» Problem statement
For the listing below, report all lines that hold the word "rule".

» Supplied material

(* Let $H$ be a finite-dimensional complex Hilbert space and let $\mathcal{B}(H)$ be the complex vector space of (bounded) linear operators $H\to H$. Then the map $$\mathrm{hs}_{\mathcal{B}}\colon \mathcal{B}(H)\longrightarrow \mathcal{B}(H)^{*}=\big(\overline{\mathcal{B}(H)}\multimap\mathbb{C}\big),\qquad \mathrm{hs}_{\mathcal{B}}(A)=\big(B\mapsto \mathrm{tr}(AB^{\dagger})\big)$$ coincides, for any choice of basis $|1\rangle,\dots,|n\rangle$ of $H$, with the basis-dependent duality isomorphism $\mathcal{B}(H)\cong\mathcal{B}(H)^*$ determined by the basis $\{|j\rangle\langle k|\}_{j,k}$ of $\mathcal{B}(H)$ (sending $\sum_{j,k}z_{jk}\,|j\rangle\langle k|$ to $\sum_{j,k} z_{jk}$ times the dual basis functional of $|j\rangle\langle k|$); in particular $\mathrm{hs}_{\mathcal{B}}$ is an isomorphism and it is independent of the choice of basis. Moreover these maps form a natural isomorphism $\mathcal{B}\circ(-)^{\dagger}\Rightarrow(-)^{*}\circ\mathcal{B}$ between functors $\mathbf{FdHilb}\to\mathbf{Vect}_{\mathbb{C}}^{\mathrm{op}}$; concretely, for every linear map $C\colon H\to K$ between finite-dimensional Hilbert spaces, $\mathcal{B}(C)^{*}\circ \mathrm{hs}_{\mathcal{B},K}=\mathrm{hs}_{\mathcal{B},H}\circ\mathcal{B}(C^{\dagger})$ as maps $\mathcal{B}(K)\to\mathcal{B}(H)^*$. Finally, the functors $\mathcal{B}\colon\mathbf{FdHilb}\to\mathbf{Vect}_{\mathbb{C}}$ and $\mathcal{B}\colon\mathbf{FdHilb}^{\mathrm{op}}\to\mathbf{Vect}_{\mathbb{C}}^{\mathrm{op}}$, together with the isomorphisms $\mathrm{hs}_{\mathcal{B}}$, form a map of adjunctions (in the sense of Mac Lane, Categories for the Working Mathematician, IV.7, with the functor squares commuting up to the natural isomorphisms $\mathrm{hs}_{\mathcal{B}}$) from the adjunction $(-)^{\dagger}\dashv(-)^{\dagger}$ between $\mathbf{FdHilb}$ and $\mathbf{FdHilb}^{\mathrm{op}}$ to the adjunction $(-)^{*}\dashv(-)^{*}$ between $\mathbf{Vect}_{\mathbb{C}}$ and $\mathbf{Vect}_{\mathbb{C}}^{\mathrm{op}}$.
   Context: $\mathbf{FdHilb}$ is the category of finite-dimensional complex Hilbert spaces with (bounded) linear maps; $C^{\dagger}$ denotes the adjoint (conjugate transpose) of $C$, and $(-)^{\dagger}\colon\mathbf{FdHilb}\to\mathbf{FdHilb}^{\mathrm{op}}$ is the identity on objects and $C\mapsto C^\dagger$ on maps; it is adjoint to itself (maps $V\to W$ correspond to maps $W\to V$ via $f\mapsto f^\dagger$). $\mathbf{Vect}_{\mathbb{C}}$ is the category of complex vector spaces and linear maps; $\overline{V}$ denotes the conjugate space of $V$ (same vectors, scalar multiplication $z\bullet_{\overline V}x=\overline{z}\bullet_V x$); $V\multimap W$ is the vector space of linear maps $V\to W$; $V^{*}=\overline{V}\multimap\mathbb{C}$, and on a linear map $C\colon V\to W$, $C^{*}\colon W^*\to V^*$ is $f\mapsto f\circ C$. The functor $(-)^*\colon\mathbf{Vect}_{\mathbb{C}}\to\mathbf{Vect}_{\mathbb{C}}^{\mathrm{op}}$ is adjoint to itself via the correspondence between linear maps $V\to\overline{W}\multimap\mathbb{C}$ and $W\to\overline{V}\multimap\mathbb{C}$ (swapping arguments). The functor $\mathcal{B}\colon\mathbf{FdHilb}\to\mathbf{Vect}_{\mathbb{C}}$ sends $H$ to $\mathcal{B}(H)$ and $C\colon H\to K$ to $\mathcal{B}(C)(A)=CAC^{\dagger}$. $\mathrm{tr}$ denotes the trace. *)

theory Defs
  imports "HOL-Analysis.Analysis"
begin

text \<open>Finite-dimensional complex Hilbert spaces are modelled as \<open>complex ^ 'n\<close>
  (for a finite type \<open>'n\<close>) with the standard inner product; linear maps
  \<open>H \<rightarrow> K\<close> are matrices \<open>complex ^ 'n ^ 'm\<close>; \<open>\<B>(H)\<close> is \<open>complex ^ 'n ^ 'n\<close>.\<close>

definition cinner :: "complex ^ 'n \<Rightarrow> complex ^ 'n \<Rightarrow> complex" where
  "cinner x y = (\<Sum>i\<in>UNIV. cnj (x $ i) * y $ i)"

definition adj :: "complex ^ 'n ^ 'm \<Rightarrow> complex ^ 'm ^ 'n" where
  "adj A = (\<chi> i j. cnj (A $ j $ i))"

definition mtrace :: "complex ^ 'n ^ 'n \<Rightarrow> complex" where
  "mtrace A = (\<Sum>i\<in>UNIV. A $ i $ i)"

definition mscale :: "complex \<Rightarrow> complex ^ 'n ^ 'm \<Rightarrow> complex ^ 'n ^ 'm" where
  "mscale c A = (\<chi> i j. c * A $ i $ j)"

definition ketbra :: "complex ^ 'n \<Rightarrow> complex ^ 'n \<Rightarrow> complex ^ 'n ^ 'n" where
  "ketbra u v = (\<chi> i j. u $ i * cnj (v $ j))"

definition orthonormal_basis :: "('n::finite \<Rightarrow> complex ^ 'n) \<Rightarrow> bool" where
  "orthonormal_basis u \<longleftrightarrow> (\<forall>j k. cinner (u j) (u k) = (if j = k then 1 else 0))"

text \<open>Linear maps from the conjugate space to \<open>\<complex>\<close>, i.e. conjugate-linear functionals:
  the elements of \<open>V\<^sup>* = \<overline>V \<multimap> \<complex>\<close> for \<open>V = \<B>(H)\<close>.\<close>
definition conj_linear_fun :: "(complex ^ 'n ^ 'm \<Rightarrow> complex) \<Rightarrow> bool" where
  "conj_linear_fun f \<longleftrightarrow> (\<forall>A B. f (A + B) = f A + f B) \<and> (\<forall>c A. f (mscale c A) = cnj c * f A)"

definition lin_map :: "(complex ^ 'n ^ 'm \<Rightarrow> ('b \<Rightarrow> complex)) \<Rightarrow> bool" where
  "lin_map F \<longleftrightarrow> (\<forall>A B x. F (A + B) x = F A x + F B x) \<and> (\<forall>c A x. F (mscale c A) x = c * F A x)"

definition Bmap :: "complex ^ 'n ^ 'm \<Rightarrow> complex ^ 'n ^ 'n \<Rightarrow> complex ^ 'm ^ 'm" where
  "Bmap C A = C ** A ** adj C"

definition hsB :: "complex ^ 'n ^ 'n \<Rightarrow> (complex ^ 'n ^ 'n \<Rightarrow> complex)" where
  "hsB A = (\<lambda>B. mtrace (A ** adj B))"

definition dual_map :: "('a \<Rightarrow> 'b) \<Rightarrow> ('b \<Rightarrow> complex) \<Rightarrow> ('a \<Rightarrow> complex)" where
  "dual_map F f = f \<circ> F"

text \<open>The adjunction bijection of \<open>(-)\<^sup>* \<turnstile> (-)\<^sup>*\<close>: a linear map \<open>V \<rightarrow> \<overline>W \<multimap> \<complex>\<close>
  corresponds to \<open>W \<rightarrow> \<overline>V \<multimap> \<complex>\<close> by swapping arguments; since the
  values are regarded in the conjugate spaces, the swap carries a complex conjugation.\<close>
definition swap_dual :: "('v \<Rightarrow> 'w \<Rightarrow> complex) \<Rightarrow> ('w \<Rightarrow> 'v \<Rightarrow> complex)" where
  "swap_dual \<phi> = (\<lambda>w v. cnj (\<phi> v w))"

end

theory Submission
  imports Defs
begin

text \<open>With respect to the matrix units, \<open>hs\<^sub>\<B>\<close> is the standard sesquilinear form
  \<open>\<Sum>\<^sub>i\<^sub>j A\<^sub>i\<^sub>j cnj B\<^sub>i\<^sub>j\<close>; hence it identifies \<open>\<B>(H)\<close> with its conjugate-linear
  functionals, and the ket-bras of an orthonormal basis are again orthonormal for it.
  Naturality and the map-of-adjunctions property both reduce to the identity
  \<open>tr(C\<^sup>\<dagger> A C B\<^sup>\<dagger>) = tr(A (C B C\<^sup>\<dagger>)\<^sup>\<dagger>)\<close>, i.e. \<open>\<B>(C\<^sup>\<dagger>)\<close> is adjoint to \<open>\<B>(C)\<close>
  for \<open>hs\<^sub>\<B>\<close>, combined with the conjugate symmetry of \<open>hs\<^sub>\<B>\<close>.\<close>

lemma hsB_entrywise: "hsB A B = (\<Sum>i\<in>UNIV. \<Sum>j\<in>UNIV. A $ i $ j * cnj (B $ i $ j))"
  unfolding hsB_def mtrace_def matrix_matrix_mult_def adj_def by simp

lemma cnj_hsB: "cnj (hsB A B) = hsB B A"
  by (simp add: hsB_entrywise mult.commute)

lemma hsB_add_left: "hsB (A + A') B = hsB A B + hsB A' B"
  by (simp add: hsB_entrywise distrib_right sum.distrib)

lemma hsB_add_right: "hsB A (B + B') = hsB A B + hsB A B'"
  by (simp add: hsB_entrywise distrib_left sum.distrib)

lemma hsB_mscale_left: "hsB (mscale c A) B = c * hsB A B"
  by (simp add: hsB_entrywise mscale_def sum_distrib_left mult.assoc)

lemma hsB_mscale_right: "hsB A (mscale c B) = cnj c * hsB A B"
  by (simp add: hsB_entrywise mscale_def sum_distrib_left mult_ac)

lemma lin_map_hsB: "lin_map hsB"
  unfolding lin_map_def by (simp add: hsB_add_left hsB_mscale_left)

lemma conj_linear_fun_hsB: "conj_linear_fun (hsB A)"
  unfolding conj_linear_fun_def by (simp add: hsB_add_right hsB_mscale_right)

lemma conj_linear_fun_zero:
  assumes "conj_linear_fun f"
  shows "f 0 = 0"
  using assms unfolding conj_linear_fun_def by (metis add_0 add_cancel_right_right)

lemma conj_linear_fun_sum:
  assumes "conj_linear_fun f"
  shows "f (sum g S) = (\<Sum>x\<in>S. f (g x))"
proof (cases "finite S")
  case True
  then show ?thesis
    using assms conj_linear_fun_zero[OF assms]
    by (induction S rule: finite_induct) (simp_all add: conj_linear_fun_def)
qed (simp add: conj_linear_fun_zero[OF assms])

lemma hsB_sum_right: "hsB A (sum F S) = (\<Sum>x\<in>S. hsB A (F x))"
  by (rule conj_linear_fun_sum[OF conj_linear_fun_hsB])

lemma hsB_sum_left: "hsB (sum F S) B = (\<Sum>x\<in>S. hsB (F x) B)"
proof -
  have "hsB (sum F S) B = cnj (hsB B (sum F S))"
    by (simp add: cnj_hsB)
  then show ?thesis
    by (simp add: hsB_sum_right cnj_hsB)
qed

lemma sum_sum_delta:
  fixes f :: "'a::finite \<Rightarrow> 'b::finite \<Rightarrow> 'c::comm_monoid_add"
  shows "(\<Sum>a\<in>UNIV. \<Sum>b\<in>UNIV. if i = a \<and> j = b then f a b else 0) = f i j"
proof -
  have "(\<Sum>a\<in>UNIV. \<Sum>b\<in>UNIV. if i = a \<and> j = b then f a b else 0)
      = (\<Sum>a\<in>UNIV. if i = a then (\<Sum>b\<in>UNIV. if j = b then f a b else 0) else 0)"
    by (rule sum.cong) auto
  then show ?thesis by (simp add: sum.delta)
qed

lemma sum_sum_delta':
  fixes f :: "'a::finite \<Rightarrow> 'b::finite \<Rightarrow> 'c::comm_monoid_add"
  shows "(\<Sum>a\<in>UNIV. \<Sum>b\<in>UNIV. if a = i \<and> b = j then f a b else 0) = f i j"
  using sum_sum_delta[of i j f] by (simp add: eq_commute)

lemma hsB_ketbra: "hsB (ketbra a b) (ketbra c d) = cinner c a * cinner b d"
  unfolding hsB_entrywise ketbra_def cinner_def sum_product by (simp add: mult_ac)

lemma hsB_ketbra_orthonormal:
  assumes "orthonormal_basis u"
  shows "hsB (ketbra (u j) (u k)) (ketbra (u j') (u k')) = (if j = j' \<and> k = k' then 1 else 0)"
  using assms by (simp add: hsB_ketbra orthonormal_basis_def)

lemma hsB_ketbra_expansion:
  assumes "orthonormal_basis u"
  shows "hsB (\<Sum>j\<in>UNIV. \<Sum>k\<in>UNIV. mscale (z j k) (ketbra (u j) (u k)))
             (\<Sum>j\<in>UNIV. \<Sum>k\<in>UNIV. mscale (w j k) (ketbra (u j) (u k)))
         = (\<Sum>j\<in>UNIV. \<Sum>k\<in>UNIV. z j k * cnj (w j k))"
  by (simp add: hsB_sum_left hsB_sum_right hsB_mscale_left hsB_mscale_right
      hsB_ketbra_orthonormal[OF assms] sum_distrib_left if_distrib[of "(*) _"] sum_sum_delta'
      mult.commute cong: if_cong)

definition matrix_unit :: "'n \<Rightarrow> 'n \<Rightarrow> complex ^ 'n ^ 'n" where
  "matrix_unit i j = (\<chi> a b. if i = a \<and> j = b then 1 else 0)"

lemma hsB_matrix_unit: "hsB A (matrix_unit i j) = A $ i $ j"
  by (simp add: hsB_entrywise matrix_unit_def if_distrib[of cnj] if_distrib[of "(*) _"]
      sum_sum_delta cong: if_cong)

lemma matrix_unit_expansion: "B = (\<Sum>i\<in>UNIV. \<Sum>j\<in>UNIV. mscale (B $ i $ j) (matrix_unit i j))"
  by (simp add: vec_eq_iff mscale_def matrix_unit_def if_distrib[of "(*) _"] sum_sum_delta'
      cong: if_cong)

lemma inj_hsB: "inj hsB"
proof (rule injI)
  fix A A' :: "complex ^ 'n ^ 'n"
  assume "hsB A = hsB A'"
  then have "hsB A (matrix_unit i j) = hsB A' (matrix_unit i j)" for i j
    by simp
  then show "A = A'"
    by (simp add: hsB_matrix_unit vec_eq_iff)
qed

lemma conj_linear_fun_eq_hsB:
  fixes f :: "complex ^ 'n ^ 'n \<Rightarrow> complex"
  assumes "conj_linear_fun f"
  shows "f = hsB (\<chi> i j. f (matrix_unit i j))"
proof
  fix B
  have "f B = f (\<Sum>i\<in>UNIV. \<Sum>j\<in>UNIV. mscale (B $ i $ j) (matrix_unit i j))"
    by (subst matrix_unit_expansion) (rule refl)
  also have "\<dots> = (\<Sum>i\<in>UNIV. \<Sum>j\<in>UNIV. cnj (B $ i $ j) * f (matrix_unit i j))"
    using assms by (simp add: conj_linear_fun_sum conj_linear_fun_def)
  also have "\<dots> = hsB (\<chi> i j. f (matrix_unit i j)) B"
    by (simp add: hsB_entrywise mult.commute)
  finally show "f B = hsB (\<chi> i j. f (matrix_unit i j)) B" .
qed

lemma bij_betw_hsB: "bij_betw hsB UNIV {f. conj_linear_fun f}"
  unfolding bij_betw_def
  using inj_hsB conj_linear_fun_hsB conj_linear_fun_eq_hsB by fast

lemma adj_adj [simp]: "adj (adj A) = A"
  by (simp add: adj_def vec_eq_iff)

lemma adj_matrix_mult: "adj (A ** B) = adj B ** adj A"
  by (simp add: adj_def vec_eq_iff matrix_matrix_mult_def mult.commute)

lemma mtrace_matrix_mult_commute: "mtrace (A ** B) = mtrace (B ** A)"
  unfolding mtrace_def matrix_matrix_mult_def
  by (simp, subst sum.swap) (simp add: mult.commute)

lemma hsB_Bmap_adj: "hsB (Bmap (adj C) A) B = hsB A (Bmap C B)"
proof -
  have "hsB (Bmap (adj C) A) B = mtrace (adj C ** (A ** C ** adj B))"
    by (simp add: hsB_def Bmap_def matrix_mul_assoc)
  also have "\<dots> = mtrace ((A ** C ** adj B) ** adj C)"
    by (rule mtrace_matrix_mult_commute)
  also have "\<dots> = hsB A (Bmap C B)"
    by (simp add: hsB_def Bmap_def adj_matrix_mult matrix_mul_assoc)
  finally show ?thesis .
qed

lemma dual_map_Bmap_comp_hsB: "dual_map (Bmap C) \<circ> hsB = hsB \<circ> Bmap (adj C)"
  by (simp add: fun_eq_iff dual_map_def hsB_Bmap_adj)

lemma hsB_comp_Bmap_adj: "hsB \<circ> Bmap (adj g) = swap_dual (hsB \<circ> Bmap g)"
  by (simp add: fun_eq_iff swap_dual_def cnj_hsB hsB_Bmap_adj)

theorem proposition2p1:
  fixes u :: "'n::finite \<Rightarrow> complex ^ 'n"
  assumes onb: "orthonormal_basis u"
  shows
    "(\<forall>(z :: 'n \<Rightarrow> 'n \<Rightarrow> complex) (w :: 'n \<Rightarrow> 'n \<Rightarrow> complex).
        hsB (\<Sum>j\<in>UNIV. \<Sum>k\<in>UNIV. mscale (z j k) (ketbra (u j) (u k)))
            (\<Sum>j\<in>UNIV. \<Sum>k\<in>UNIV. mscale (w j k) (ketbra (u j) (u k)))
        = (\<Sum>j\<in>UNIV. \<Sum>k\<in>UNIV. z j k * cnj (w j k)))
   \<and> lin_map (hsB :: complex ^ 'n ^ 'n \<Rightarrow> _)
   \<and> (\<forall>A :: complex ^ 'n ^ 'n. conj_linear_fun (hsB A))
   \<and> bij_betw (hsB :: complex ^ 'n ^ 'n \<Rightarrow> _) UNIV {f. conj_linear_fun f}
   \<and> (\<forall>C :: complex ^ 'n ^ 'm.
        dual_map (Bmap C) \<circ> hsB = hsB \<circ> Bmap (adj C))
   \<and> (\<forall>g :: complex ^ 'n ^ 'm.
        hsB \<circ> Bmap (adj g) = swap_dual (hsB \<circ> Bmap g))"
  using hsB_ketbra_expansion[OF onb] lin_map_hsB conj_linear_fun_hsB bij_betw_hsB
    dual_map_Bmap_comp_hsB hsB_comp_Bmap_adj
  by blast

end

» The answer
    by (induction S rule: finite_induct) (simp_all add: conj_linear_fun_def)
  by (rule conj_linear_fun_sum[OF conj_linear_fun_hsB])
    by (rule sum.cong) auto
proof (rule injI)
    by (subst matrix_unit_expansion) (rule refl)
    by (rule mtrace_matrix_mult_commute)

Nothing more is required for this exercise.